Stakeholders are individuals or groups that have some claim on the company. They can be divided into internal claimants and external claimants. Internal claimants are stockholders and employees including executive officers and board member while external claimants are all other individuals and groups affected by the company’s actions. Typically, they comprise of customers, suppliers, governments, unions, competitors, local communities and the general public.
Stakeholders can influence the organisations because all stakeholders can justifiably expect that the company will attempt to satisfy their particular demands. Besides, stakeholders provide the enterprise with capital and in exchange expect an appropriate return on their investment. Employees provide labor and skills and in exchange expect commensurate income and job satisfaction. Customers want value for money and suppliers seek dependable buyers. Governments insist on adherence to legislative regulations. Unions demand benefits for their members in proportion to their contribution to the company while rivals seek fair competition. Local communities want companies that are responsible citizens and general public seeks some assurance that the quality of life will be improved as a result of the company’s existence. So, with this all demand, we can say that stakeholder have a great influence on organisations.
Stakeholders do always have the same amount of influence over an organisation and the organisation has to take into account when formulating its strategies. It is because stakeholders have a great influence in the organisation. They can simply just withdraw their support from the organisation. Stockholders may sells their shares, employees leave their job and customers but elsewhere. Besides that, suppliers are likely to seek more dependable buyers, whereas governments can prosecute the company.

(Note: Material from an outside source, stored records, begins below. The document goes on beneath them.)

lemma stationary_points_dist:
  assumes "0 \<in> clarke_subdiff (energy 1 w1) u1" and "0 \<in> clarke_subdiff (energy 1 w2) u2"
  shows "(m_A - m_\<alpha> * (norm \<gamma>)\<^sup>2) * norm (u1 - u2) \<le> m_L * (norm \<gamma>)\<^sup>2 * norm (w1 - w2)"
proof -
  have "0 \<le> clarke_dd (energy 1 w1) u1 (u2 - u1) + clarke_dd (energy 1 w2) u2 (u1 - u2)"
    using assms by (simp add: zero_in_clarke_subdiff_iff)
  also have "\<dots> \<le> (m_\<alpha> * (norm \<gamma>)\<^sup>2 - m_A) * (norm (u1 - u2))\<^sup>2
      + m_L * (norm \<gamma>)\<^sup>2 * norm (w1 - w2) * norm (u1 - u2)"
    using clarke_dd_energy_monotone[of 1] by simp
  finally have "(m_A - m_\<alpha> * (norm \<gamma>)\<^sup>2) * norm (u1 - u2) * norm (u1 - u2)
      \<le> m_L * (norm \<gamma>)\<^sup>2 * norm (w1 - w2) * norm (u1 - u2)"
    by (simp add: power2_eq_square algebra_simps)
  moreover have "0 \<le> m_L * (norm \<gamma>)\<^sup>2 * norm (w1 - w2)"
    using m_L_nonneg by simp
  ultimately show ?thesis
    by (cases "u1 = u2") (simp_all add: mult_le_cancel_right)
qed

definition \<theta> :: real where
  "\<theta> = m_\<alpha> * (norm \<gamma>)\<^sup>2 / m_A"
(* Assume CH. There exists a Sierpiński set $S\subseteq\mathbb{R}$ such that $S+S=\{a+b:a,b\in S\}$ is a Bernstein set.
   Context: A Sierpiński set is $S\subseteq\mathbb{R}$ with $|S|=\mathfrak{c}$ such that $S\cap N$ is countable for every Lebesgue-null $N\subseteq\mathbb{R}$. A set $B\subseteq\mathbb{R}$ is a Bernstein set if for every nonempty perfect set $P\subseteq\mathbb{R}$ both $B\cap P\neq\emptyset$ and $(\mathbb{R}\setminus B)\cap P\neq\emptyset$. *)

theory Defs
  imports "HOL-Analysis.Analysis" "HOL-Library.Equipollence"
begin

definition CH :: bool where
  "CH \<longleftrightarrow> (\<forall>A :: real set. uncountable A \<longrightarrow> A \<approx> (UNIV :: real set))"

definition perfect_set :: "real set \<Rightarrow> bool" where
  "perfect_set P \<longleftrightarrow> closed P \<and> (\<forall>x\<in>P. x islimpt P)"

definition sierpinski_set :: "real set \<Rightarrow> bool" where
  "sierpinski_set S \<longleftrightarrow> S \<approx> (UNIV :: real set) \<and>
     (\<forall>N \<in> null_sets lebesgue. countable (S \<inter> N))"

definition bernstein_set :: "real set \<Rightarrow> bool" where
  "bernstein_set B \<longleftrightarrow> (\<forall>P. perfect_set P \<and> P \<noteq> {} \<longrightarrow>
     B \<inter> P \<noteq> {} \<and> (UNIV - B) \<inter> P \<noteq> {})"

end

theory Submission
  imports Defs
begin

text \<open>
  CH gives a well-ordering of the reals all of whose proper initial segments are countable.
  There are only continuum many sequences of open sets, so we can index by reals a family of
  null sets \<open>N a\<close> (negligible G-delta sets) covering every null set, and a family of uncountable
  sets \<open>P a\<close> containing every nonempty perfect set. By transfinite recursion along the ordering
  we choose at stage \<open>a\<close> reals \<open>s a\<close>, \<open>t a\<close>, \<open>d a\<close> such that \<open>d a \<in> P a\<close> is not a sum of
  two earlier summands, \<open>s a + t a \<in> P a\<close>, the new summands avoid all \<open>N b\<close> with \<open>b \<le> a\<close>,
  and no new sum hits any \<open>d b\<close> with \<open>b \<le> a\<close>. Each stage has to avoid only countably many
  points and one null set, so the choices exist. Then \<open>S = range s \<union> range t\<close> meets every
  \<open>N a\<close> in a countable set, while \<open>S + S\<close> contains \<open>s a + t a \<in> P a\<close> and misses \<open>d a \<in> P a\<close>.
\<close>

unbundle cardinal_syntax

definition below :: "('i \<times> 'i) set \<Rightarrow> 'i \<Rightarrow> 'i set"
  where "below R a = {b. (b, a) \<in> R}"

text \<open>Under CH the cardinal well-order of the reals has only countable proper initial segments.\<close>

lemma CH_well_order_with_countable_initial_segments:
  assumes "CH"
  obtains R :: "(real \<times> real) set"
  where "wf R" "trans R" "total R" "\<And>a. countable (below R a)"
proof
  let ?r = "|UNIV :: real set|"
  have wo: "Well_order ?r" and field: "Field ?r = UNIV"
    by (rule card_of_Well_order, rule Field_card_of)
  show "wf (?r - Id)"
    using wo by (simp add: wo_rel.WF wo_rel_def)
  show "trans (?r - Id)"
    using wo by (simp add: trans_diff_Id order_on_defs)
  show "total (?r - Id)"
    using wo field by (simp add: total_on_diff_Id order_on_defs)
  fix a
  have segment: "below (?r - Id) a = underS ?r a"
    by (auto simp: below_def underS_def)
  have "|underS ?r a| <o ?r"
    using card_of_underS[OF card_of_Card_order, of a "UNIV :: real set"] field by simp
  then have "\<not> underS ?r a \<approx> (UNIV :: real set)"
    using eqpoll_iff_card_of_ordIso not_ordLess_ordIso by blast
  then show "countable (below (?r - Id) a)"
    using assms segment unfolding CH_def by auto
qed

text \<open>Sequences of sets of naturals (codes for sequences of open sets) can be indexed by reals.\<close>

lemma real_surj_onto_code_sequences: "\<exists>g :: real \<Rightarrow> (nat \<Rightarrow> nat set). surj g"
proof -
  define encode :: "(nat \<Rightarrow> nat set) \<Rightarrow> nat set"
    where "encode c = prod_encode ` (SIGMA n:UNIV. c n)" for c
  have "c n = {k. prod_encode (n, k) \<in> encode c}" for c n
    unfolding encode_def by auto
  then have "inj encode"
    by (metis injI ext)
  moreover obtain h :: "nat set \<Rightarrow> real" where "bij h"
    using nat_sets_eqpoll_reals unfolding eqpoll_def by blast
  ultimately have "inj (h \<circ> encode)"
    by (simp add: bij_betw_def inj_compose)
  then show ?thesis
    by (metis inv_f_f surjI)
qed

text \<open>Every sequence of open sets of reals occurs in a single real-indexed family, since every open
  set is a union of members of a countable base.\<close>

lemma open_sequence_enumeration:
  "\<exists>G :: real \<Rightarrow> nat \<Rightarrow> real set. \<forall>U. (\<forall>n. open (U n)) \<longrightarrow> (\<exists>a. G a = U)"
proof -
  obtain B :: "nat \<Rightarrow> real set"
    where B: "\<And>S. open S \<Longrightarrow> \<exists>k. S = \<Union>{B n |n. n \<in> k}"
    by (rule univ_second_countable_sequence) blast
  obtain g :: "real \<Rightarrow> (nat \<Rightarrow> nat set)" where g: "surj g"
    using real_surj_onto_code_sequences by blast
  define G where "G a n = \<Union>{B m |m. m \<in> g a n}" for a n
  have "\<exists>a. G a = U" if "\<forall>n. open (U n)" for U
  proof -
    have "\<forall>n. \<exists>k. U n = \<Union>{B m |m. m \<in> k}"
      using B that by blast
    then have "\<exists>k. \<forall>n. U n = \<Union>{B m |m. m \<in> k n}"
      by (rule choice)
    then obtain k where k: "\<And>n. U n = \<Union>{B m |m. m \<in> k n}"
      by blast
    obtain a where "g a = k"
      using g by (metis surjD)
    then have "G a = U"
      using k unfolding G_def by (simp add: fun_eq_iff)
    then show ?thesis ..
  qed
  then show ?thesis by blast
qed

lemma negligible_imp_subset_negligible_gdelta:
  fixes M :: "real set"
  assumes "negligible M"
  obtains U :: "nat \<Rightarrow> real set"
  where "\<And>n. open (U n)" "M \<subseteq> (\<Inter>n. U n)" "negligible (\<Inter>n. U n)"
proof -
  obtain C T where C: "gdelta C" "T \<in> null_sets lebesgue" "M \<union> T = C"
    using lebesgue_set_almost_gdelta negligible_imp_sets[OF assms] by metis
  then have "negligible C"
    using assms by (auto simp: negligible_iff_null_sets)
  from \<open>gdelta C\<close> obtain U :: "nat \<Rightarrow> real set" where "\<And>n. open (U n)" "C = (\<Inter>n. U n)"
    by (cases rule: gdelta.cases) blast
  then show ?thesis
    using that C \<open>negligible C\<close> by blast
qed

text \<open>Nonempty perfect sets of reals are uncountable: the dense relatively open sets \<open>P - {x}\<close>
  would otherwise be countably many with empty intersection, contradicting Baire's theorem.\<close>

lemma perfect_set_uncountable:
  assumes "perfect_set P" "P \<noteq> {}"
  shows "uncountable P"
proof
  assume "countable P"
  have "closed P" and limpt: "\<And>x. x \<in> P \<Longrightarrow> x islimpt P"
    using assms(1) unfolding perfect_set_def by auto
  let ?G = "(\<lambda>x. P - {x}) ` P"
  have "P \<subseteq> closure (\<Inter>?G)"
  proof (rule Baire[OF \<open>closed P\<close>])
    show "countable ?G"
      using \<open>countable P\<close> by simp
    fix T assume "T \<in> ?G"
    then obtain x where x: "x \<in> P" "T = P - {x}" by blast
    have "openin (top_of_set P) (P - {x})"
      by (simp add: openin_delete)
    moreover have "P \<subseteq> closure (P - {x})"
    proof
      fix y assume "y \<in> P"
      show "y \<in> closure (P - {x})"
      proof (cases "y = x")
        case True
        then show ?thesis
          using limpt[OF x(1)] by (simp add: islimpt_in_closure)
      next
        case False
        then show ?thesis
          using \<open>y \<in> P\<close> by (intro closure_subset[THEN subsetD]) simp
      qed
    qed
    ultimately show "openin (top_of_set P) T \<and> P \<subseteq> closure T"
      using x by simp
  qed
  moreover have "\<Inter>?G = {}"
    using assms(2) by auto
  ultimately show False
    using assms(2) by simp
qed

text \<open>Real-indexed null sets covering every null set (namely, the null G-delta sets).\<close>

lemma null_set_family:
  obtains N :: "real \<Rightarrow> real set"
  where "\<And>a. negligible (N a)" "\<And>M. negligible M \<Longrightarrow> \<exists>a. M \<subseteq> N a"
proof -
  obtain G :: "real \<Rightarrow> nat \<Rightarrow> real set"
    where G: "\<And>U. (\<forall>n. open (U n)) \<Longrightarrow> \<exists>a. G a = U"
    using open_sequence_enumeration by metis
  define N where "N a = (if negligible (\<Inter>n. G a n) then \<Inter>n. G a n else {})" for a
  have "negligible (N a)" for a
    unfolding N_def by simp
  moreover have "\<exists>a. M \<subseteq> N a" if M: "negligible M" for M
  proof -
    obtain U :: "nat \<Rightarrow> real set"
      where U: "\<And>n. open (U n)" "M \<subseteq> (\<Inter>n. U n)" "negligible (\<Inter>n. U n)"
      using negligible_imp_subset_negligible_gdelta[OF M] by metis
    then obtain a where "G a = U"
      using G by blast
    then have "N a = (\<Inter>n. U n)"
      unfolding N_def using U(3) by simp
    then show ?thesis
      using U(2) by blast
  qed
  ultimately show thesis
    by (rule that)
qed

Meanwhile, unions may engage in disruptive labor disputes and rivals may respond to unfair competition by anticompetitive moves of their own or by filing antitrust suits while communities may oppose the company’s attempt to locate its facilities in their area, and the general public ma form pressure group demanding action against companies that impair the quality of life. Any of these reactions can have a disastrous impact on the organisations. So, that is why I think that stockholders do always have the same amount of influence over an organisation.